Siri Shortcuts Offer Scope for Limited Spotify Interactions in iOS 12

Last month, when we asked MacRumors readers what they hoped to see in iOS 12, one of the most frequent requests was improvements to Siri, specifically Spotify integration. Currently, Siri can open streaming media apps like Spotify, but it can't play songs or video from third-party sources.

While Apple has yet to explicitly support the functionality, one of the components in the newly-announced Siri Shortcuts feature in iOS 12 could pave the way for Siri-controlled playback, should Spotify choose to implement it.


Siri Shortcuts lets users connect certain third-party apps to Siri to greatly streamline voice controls, allowing them to connect app-specific actions to an invokable Siri phrase.

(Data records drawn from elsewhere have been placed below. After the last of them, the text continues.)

lemma matching_Un:
  assumes "matching E X" "matching E Y" "\<Union>X \<inter> \<Union>Y = {}"
  shows "matching E (X \<union> Y)"
  unfolding matching_def
proof (intro conjI ballI impI)
  show "X \<union> Y \<subseteq> E" using assms(1,2) unfolding matching_def by simp
  fix e1 e2 assume e: "e1 \<in> X \<union> Y" "e2 \<in> X \<union> Y" "e1 \<noteq> e2"
  have "e1 \<inter> e2 \<subseteq> \<Union>X \<inter> \<Union>Y" if "e1 \<in> X" "e2 \<in> Y" for e1 e2
    using that by blast
  then show "e1 \<inter> e2 = {}"
    using assms e unfolding matching_def by (metis Int_commute Un_iff subset_empty)
qed

text \<open>Pairwise disjoint sets that all meet a finite set W are at most |W| many:
  picking a point of W in each of them is injective.\<close>
lemma card_disjoint_family_meeting_le:
  assumes "pairwise disjnt X" "finite W" "\<And>e. e \<in> X \<Longrightarrow> e \<inter> W \<noteq> {}"
  shows "card X \<le> card W"
proof -
  define pick where "pick e = (SOME w. w \<in> e \<inter> W)" for e
  have pick: "pick e \<in> e \<inter> W" if "e \<in> X" for e
    using assms(3)[OF that] unfolding pick_def by (metis ex_in_conv someI)
  have "inj_on pick X"
  proof (rule inj_onI)
    fix x y assume x: "x \<in> X" and y: "y \<in> X" and same: "pick x = pick y"
    have "pick x \<in> x \<inter> y" using pick[OF x] pick[OF y] same by simp
    then have "\<not> disjnt x y" unfolding disjnt_def by blast
    then show "x = y" using assms(1) x y by (meson pairwiseD)
  qed
  moreover have "pick ` X \<subseteq> W" using pick by auto
  ultimately show ?thesis using card_inj_on_le assms(2) by blast
qed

As noted by TechCrunch, the Siri Shortcuts feature includes a "Play Media" intent that will let users summon audio and video media from third-party apps, and could theoretically be used to direct Siri on iPhone or HomePod to a designated playlist or artist on Spotify.

It's not yet entirely clear how deep this kind of integration can go, but it's likely to operate much less seamlessly than Siri controls for Apple Music. The Siri Shortcuts that Apple demonstrated during its WWDC keynote for instance were limited to sequential actions across apps, suggesting the "Play Media" intent is a one-off command that relies on specific pre-made shortcuts to playlists, artists, and the like.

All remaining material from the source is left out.